Beyond the Tank Episode 204

beyond the tank episode 204Beyond the Tank episode 204 aired Tuesday, April 26, 2016. Three past businesses that received an investment from a Shark are featured. Beyond the Tank episode 204 begins with an in-depth update on PipCorn, a business Barbara invested in during season six. Lori invested in PurseCase, the combination purse/cell phone case, back in season five. There were changes in the ownership, plus a few setbacks. Mark, Kevin, and Robert invested in the peat moss substitute PittMoss back in season six. While production continues, there are many challenges ahead.

Each Episode of Beyond the Tank has these “back stories” and Shark Tank updates. We'll recap them here.

Beyond the Tank Episode 204 Featured Sharks


Beyond the Tank Episode 204 Entrepreneurs


Beyond the Tank Episode 204 Recap

Pipcorn

Brother and sister team, Jeff and Jen Martin came to season six of Shark Tank with their product, Pipcorn, miniature popcorn that is easier to digest. They were already in 40 Whole Foods stores, and had enjoyed $200,000 in sales.
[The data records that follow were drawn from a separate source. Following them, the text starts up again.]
(* For the ternary soft heap with error parameter $0<\epsilon<1$, any sequence of operations consisting of $N$ insertions and $\delta$ extract-min operations takes total time $O(N+\delta\lg\frac1\epsilon)$ (for $\epsilon\le 1/2$); that is, \textsf{insert} takes amortized $O(1)$ time and \textsf{extract-min} amortized $O(\lg\frac1\epsilon)$ time.
   Context: Ternary soft heap with error parameter $0<\epsilon<1$ and threshold $r_0=\max(2,\lceil\lg(1/\epsilon)\rceil)$ ($\lg$ = binary logarithm). Items are (key, value) pairs with distinct keys from a totally ordered universe. A rank-$r$ tree is a perfectly balanced rooted tree in which every internal node has exactly $3$ children and all $3^r$ leaves are at depth $r$; a node whose subtree has height $r$ has rank $r$. Each leaf corresponds to a distinct insertion. Each node holds at most one item (it may be empty); the tree is heap-ordered (an item's key is at most the keys of items at descendants). Each item $e$ held at a node carries a corruption-set $C(e)$ (empty when inserted), stored as a cyclic linked list allowing constant-time concatenation. The heap is a list of trees in nondecreasing rank order, with at most $2$ trees of each rank, together with, for each root, a suffix-min reference to the root with minimum item among it and all later roots. \textsf{insert}$(e)$: add a rank-$0$ tree holding $e$ at the front; while the first three trees have equal rank $r$, link them: create a new node of rank $r+1$ with the three roots as children and fill it; then update the suffix-min reference of the first tree. Filling an empty node $v$ of rank $r$: a single pull moves to $v$ the minimum-key item among $v$'s children and then recursively fills the child it came from (a node whose subtree holds no items stays empty). If $r\le r_0$, $v$ is filled by one pull; if $r>r_0$, two items $e_1,e_2$ with $\mathrm{key}(e_1)\le\mathrm{key}(e_2)$ are pulled up successively, $e_1$ and all of $C(e_1)$ are added to $C(e_2)$ ($e_1$ becomes corrupted), and $e_2$ is stored at $v$ (if only one item is available, it is stored). \textsf{extract-min}: let $e$ be the minimum-key item among roots (found via the first suffix-min reference); if $C(e)\neq\emptyset$, remove and return an item of $C(e)$ with current key $\mathrm{key}(e)$; otherwise remove $e$, refill its root, update the suffix-min references from that root back to the front of the list, and return $e$ with the corruptions created. *)

theory Defs
  imports Complex_Main
begin
theorem lemma2p5:
  fixes c :: nat and m w :: "nat list"
  assumes "c > 1" and "m \<in> perms c"
    and "w \<in> perms (c + 1)" and "nonavoider m w"
  shows "Kequiv c (Kpart c m) (c + 1) w (ins 1 m) \<or> Kequiv c (Kpart c m) (c + 1) w (ins 2 m)"
proof -
  interpret pattern_perm c m
    using assms(1,2) by unfold_locales simp_all
  obtain x where x: "1 \<le> x" "x \<le> c + 1" and "w \<approx> ins x m \<or> w \<approx> ins_last x m"
    using nonavoider_Kequiv_ins_or_ins_last[OF assms(3,4)] by blast
  then show ?thesis
    using ins_Kequiv_ins_1_or_2[OF x] ins_last_Kequiv_ins_1_or_2[OF x] Kequiv_trans by blast
qed

end
lemma vars_in_cofactor:
  fixes F G :: "'a::idom mpoly"
  assumes "F \<noteq> 0" "vars_in n F" "vars_in n (F * G)"
  shows "vars_in n G"
proof -
  let ?R = "\<lambda>m::nat \<Rightarrow>\<^sub>0 nat. Poly_Mapping.keys m \<subseteq> {..n}"
  have "F * restrict_monomials ?R G = restrict_monomials ?R (F * G)"
    using assms(2) unfolding vars_in_def
    by (intro restrict_monomials_mult[symmetric]) (auto simp: keys_add_nat)
  also have "\<dots> = F * G"
    using assms(3) unfolding vars_in_def
    by (intro poly_mapping_eqI) (auto simp: lookup_restrict_monomials in_keys_iff)
  finally have restricted: "restrict_monomials ?R G = G"
    using assms(1) by simp
  show ?thesis
    unfolding vars_in_def
  proof
    fix m assume "m \<in> Poly_Mapping.keys G"
    then have "Poly_Mapping.lookup (restrict_monomials ?R G) m \<noteq> 0"
      by (simp add: restricted in_keys_iff)
    then show "?R m"
      by (simp add: lookup_restrict_monomials split: if_splits)
  qed
qed

lemma homogeneous_cofactor:
  fixes F G :: "'a::idom mpoly"
  assumes "F \<noteq> 0" "homogeneous d F" "homogeneous (d + e) (F * G)"
  shows "homogeneous e G"
  unfolding homogeneous_def
proof
  fix m assume m: "m \<in> Poly_Mapping.keys G"
  let ?k = "mon_deg m"
  have "F * restrict_monomials (\<lambda>b. mon_deg b = ?k) G =
      restrict_monomials (\<lambda>b. mon_deg b = d + ?k) (F * G)"
    using assms(2) unfolding homogeneous_def
    by (intro restrict_monomials_mult[symmetric]) (simp add: mon_deg_add)
  moreover have "Poly_Mapping.lookup (restrict_monomials (\<lambda>b. mon_deg b = ?k) G) m \<noteq> 0"
    using m by (simp add: lookup_restrict_monomials in_keys_iff)
  ultimately have "restrict_monomials (\<lambda>b. mon_deg b = d + ?k) (F * G) \<noteq> 0"
    using assms(1) by auto
  then obtain t where "t \<in> Poly_Mapping.keys (restrict_monomials (\<lambda>b. mon_deg b = d + ?k) (F * G))"
    by (metis keys_eq_empty ex_in_conv)
  then have "t \<in> Poly_Mapping.keys (F * G)" "mon_deg t = d + ?k"
    by (auto simp: in_keys_iff lookup_restrict_monomials split: if_splits)
  then show "?k = e"
    using assms(3) unfolding homogeneous_def by auto
qed

lemma vars_in_frobenius_cofactor:
  fixes F G :: "'a::idom mpoly"
  assumes "F \<noteq> 0" "vars_in n F" "frobenius_sum q n F = F * G"
  shows "vars_in n G"
  using vars_in_cofactor[OF assms(1,2)] vars_in_frobenius_sum[OF assms(2), of q] assms(3) by simp

lemma homogeneous_frobenius_cofactor:
  fixes F G :: "'a::idom mpoly"
  assumes "F \<noteq> 0" "homogeneous d F" "1 \<le> d" "1 \<le> q" "frobenius_sum q n F = F * G"
  shows "homogeneous (q - 1) G"
proof -
  have "q + d - 1 = d + (q - 1)"
    using assms(3,4) by simp
  then have "homogeneous (d + (q - 1)) (F * G)"
    using homogeneous_frobenius_sum[OF assms(2), of q n] assms(5) by simp
  then show ?thesis
    by (rule homogeneous_cofactor[OF assms(1,2)])
qed

lemma mpoly_eval_frobenius_cofactor:
  fixes F G :: "'a::idom mpoly"
  assumes "\<And>x::'a. x ^ q = x" "homogeneous d F" "vars_in n F" "frobenius_sum q n F = F * G"
    and "mpoly_eval F a \<noteq> 0"
  shows "mpoly_eval G a = of_nat d"
proof -
  have "mpoly_eval F a * mpoly_eval G a = mpoly_eval F a * of_nat d"
    using mpoly_eval_frobenius_sum[OF assms(1-3), of a]
    by (simp add: assms(4) mpoly_eval_mult mult.commute)
  with assms(5) show ?thesis
    by simp
qed

section \<open>Finite fields and power sums\<close>

lemma prime_CHAR_finite_field: "prime CHAR('a::{finite,field})"
  by (rule prime_CHAR_semidom) (simp add: finite_imp_CHAR_pos)

lemma of_nat_card_UNIV_eq_0: "of_nat (card (UNIV :: 'a::{finite,ring_1} set)) = (0::'a)"
proof -
  have "(\<Sum>y\<in>UNIV. 1 + y) = (\<Sum>y\<in>UNIV. y :: 'a)"
    by (rule sum.reindex_bij_witness[of _ "\<lambda>y. y - 1" "\<lambda>y. 1 + y"]) auto
  then show ?thesis
    by (simp add: sum.distrib)
qed

lemma CHAR_eq_if_card_eq_prime_power:
  assumes "prime p" "card (UNIV :: 'a::{finite,field} set) = p ^ k"
  shows "CHAR('a) = p"
proof -
  have "CHAR('a) dvd p ^ k"
    using of_nat_card_UNIV_eq_0[where 'a = 'a] assms(2) of_nat_eq_0_iff_char_dvd by metis
  then have "CHAR('a) dvd p"
    using prime_CHAR_finite_field prime_dvd_power by blast
  then show ?thesis
    using prime_CHAR_finite_field assms(1) primes_dvd_imp_eq by blast
qed

lemma card_UNIV_field_ge_2: "2 \<le> card (UNIV :: 'a::{finite,field} set)"
  using card_mono[of "UNIV :: 'a set" "{0, 1}"] by simp

lemma power_card_minus_one_eq_1:
  fixes x :: "'a::{finite,field}"
  assumes "x \<noteq> 0"
  shows "x ^ (card (UNIV :: 'a set) - 1) = 1"
proof -
  have "x ^ card (UNIV - {0::'a}) * (\<Prod>y\<in>UNIV - {0}. y) = (\<Prod>y\<in>UNIV - {0}. x * y)"
    by (simp add: prod.distrib)
  also have "\<dots> = (\<Prod>y\<in>UNIV - {0}. y)"
    by (rule prod.reindex_bij_witness[of _ "\<lambda>y. y / x" "\<lambda>y. x * y"]) (use assms in auto)
  finally have "x ^ card (UNIV - {0::'a}) = 1"
    by simp
  then show ?thesis
    by (simp add: card_Diff_subset)
qed

lemma power_card_eq_self: "(x :: 'a::{finite,field}) ^ card (UNIV :: 'a set) = x"
proof (cases "x = 0")
  case False
  have "x ^ card (UNIV :: 'a set) = x * x ^ (card (UNIV :: 'a set) - 1)"
    using card_UNIV_field_ge_2[where 'a = 'a] by (metis Suc_diff_1 power_Suc zero_less_numeral order.strict_trans2)
  then show ?thesis
    using power_card_minus_one_eq_1[OF False] by simp
qed (use card_UNIV_field_ge_2[where 'a = 'a] in simp)

lemma inj_CHAR_power: "inj (\<lambda>x::'a::{finite,field}. x ^ CHAR('a))"
proof (rule injI)
  fix x z :: 'a
  assume "x ^ CHAR('a) = z ^ CHAR('a)"
  moreover have "(x + - z) ^ CHAR('a) = x ^ CHAR('a) + (- z) ^ CHAR('a)"
    by (rule freshmans_dream[OF prime_CHAR_finite_field refl])
  moreover have "(- z) ^ CHAR('a) = - (z ^ CHAR('a))"
    by (rule minus_power_prime_CHAR[OF refl prime_CHAR_finite_field])
  ultimately have "(x - z) ^ CHAR('a) = 0"
    by simp
  then have "x - z = 0"
    by (rule power_eq_0_iff[THEN iffD1, THEN conjunct1])
  then show "x = z"
    by simp
qed

lemma ex_CHAR_root: "\<exists>x. x ^ CHAR('a) = (y :: 'a::{finite,field})"
  using finite_UNIV_inj_surj[OF finite_UNIV inj_CHAR_power] by (metis surjD)

definition power_sum :: "nat \<Rightarrow> 'a::{finite,field}" where
  "power_sum k = (\<Sum>x\<in>UNIV. x ^ k)"

lemma power_sum_0: "power_sum 0 = 0"
  by (simp add: power_sum_def of_nat_card_UNIV_eq_0)

lemma power_sum_multiple:
  assumes "0 < k" "(card (UNIV :: 'a set) - 1) dvd k"
  shows "power_sum k = (-1 :: 'a::{finite,field})"
proof -
  have unit: "x ^ k = 1" if "x \<noteq> 0" for x :: 'a
    using assms(2) power_card_minus_one_eq_1[OF that] by (auto simp: power_mult)
  have "power_sum k = (\<Sum>x\<in>UNIV - {0::'a}. x ^ k)"
    unfolding power_sum_def using assms(1) by (intro sum.mono_neutral_right) auto
  also have "\<dots> = (\<Sum>x\<in>UNIV - {0::'a}. 1)"
    using unit by (intro sum.cong) auto
  also have "\<dots> = of_nat (card (UNIV :: 'a set)) - 1"
    using card_UNIV_field_ge_2[where 'a = 'a] by (simp add: card_Diff_subset)
  finally show ?thesis
    by (simp add: of_nat_card_UNIV_eq_0)
qed

lemma ex_power_ne_1:
  assumes "0 < r" "r < card (UNIV :: 'a::{finite,field} set) - 1"
  shows "\<exists>c::'a. c \<noteq> 0 \<and> c ^ r \<noteq> 1"
proof (rule ccontr)
  assume "\<not> ?thesis"
  then have roots: "UNIV - {0::'a} \<subseteq> {x. poly (monom 1 r - 1) x = 0}"
    by (auto simp: poly_monom)
  have "poly (monom (1::'a) r - 1) 0 \<noteq> 0"
    using assms(1) by (simp add: poly_monom zero_power)
  then have nonzero: "monom (1::'a) r - 1 \<noteq> 0"
    by auto
  have "card (UNIV - {0::'a}) \<le> card {x. poly (monom (1::'a) r - 1) x = 0}"
    using roots by (intro card_mono) auto
  also have "\<dots> \<le> degree (monom (1::'a) r - 1)"
    by (rule card_poly_roots_bound[OF nonzero])
  also have "\<dots> \<le> r"
    by (rule order.trans[OF degree_diff_le_max]) (simp add: degree_monom_le)
  finally show False
    using assms(2) by (simp add: card_Diff_subset)
qed

lemma power_sum_non_multiple:
  assumes "\<not> (card (UNIV :: 'a set) - 1) dvd k"
  shows "power_sum k = (0 :: 'a::{finite,field})"
proof -
  let ?q = "card (UNIV :: 'a set)"
  define r where "r = k mod (?q - 1)"
  have "0 < r" "r < ?q - 1"
    using assms card_UNIV_field_ge_2[where 'a = 'a] unfolding r_def
    by (auto simp: dvd_eq_mod_eq_0)
  then obtain c :: 'a where c: "c \<noteq> 0" "c ^ r \<noteq> 1"
    using ex_power_ne_1 by blast
  have "k = (?q - 1) * (k div (?q - 1)) + r"
    unfolding r_def by simp
  then have "c ^ k = (c ^ (?q - 1)) ^ (k div (?q - 1)) * c ^ r"
    by (metis power_add power_mult)
  then have ck: "c ^ k \<noteq> 1"
    using c power_card_minus_one_eq_1[OF c(1)] by simp
  have "power_sum k = (\<Sum>x\<in>UNIV. (c * x) ^ k)"
    unfolding power_sum_def
    by (rule sum.reindex_bij_witness[of _ "\<lambda>y. c * y" "\<lambda>y. y / c"]) (use c in auto)
  also have "\<dots> = c ^ k * power_sum k"
    by (simp add: power_sum_def power_mult_distrib sum_distrib_left)
  finally show ?thesis
    using ck by (metis mult_cancel_right1)
qed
The Sharks called them out on their valuation, when they asked for $200,000 in return for 10%.

Barbara Corcoran bought into Pipcorn. “Pipcorn was worth the $2 million valuation,” she says, “Because the entrepreneurs were so strong. They already had tremendous sales right out of the gate, but they had the potential, in their personalities, to build a huge business. And, who doesn’t love popcorn?”

Seven months after Shark Tank, Pipcorn is in over 600 stores, and is clearing $4 million in sales. The explosive growth has created a problem for Pipcorn. They don’t have a warehouse, so they’re storing the processed Pipcorn in their kitchen and hallway. The siblings are searching for distributors; partners who would store the product in their warehouses, and deliver as the orders come in. The pair is considering whether to choose a smaller, regional distributor, or to work with a large, national distributor. They plan to meet with Barbara to discuss the options.

Pipcorn is running at maximum capacity right now,” says  Barbara. “If they get just one more order, it could break them.”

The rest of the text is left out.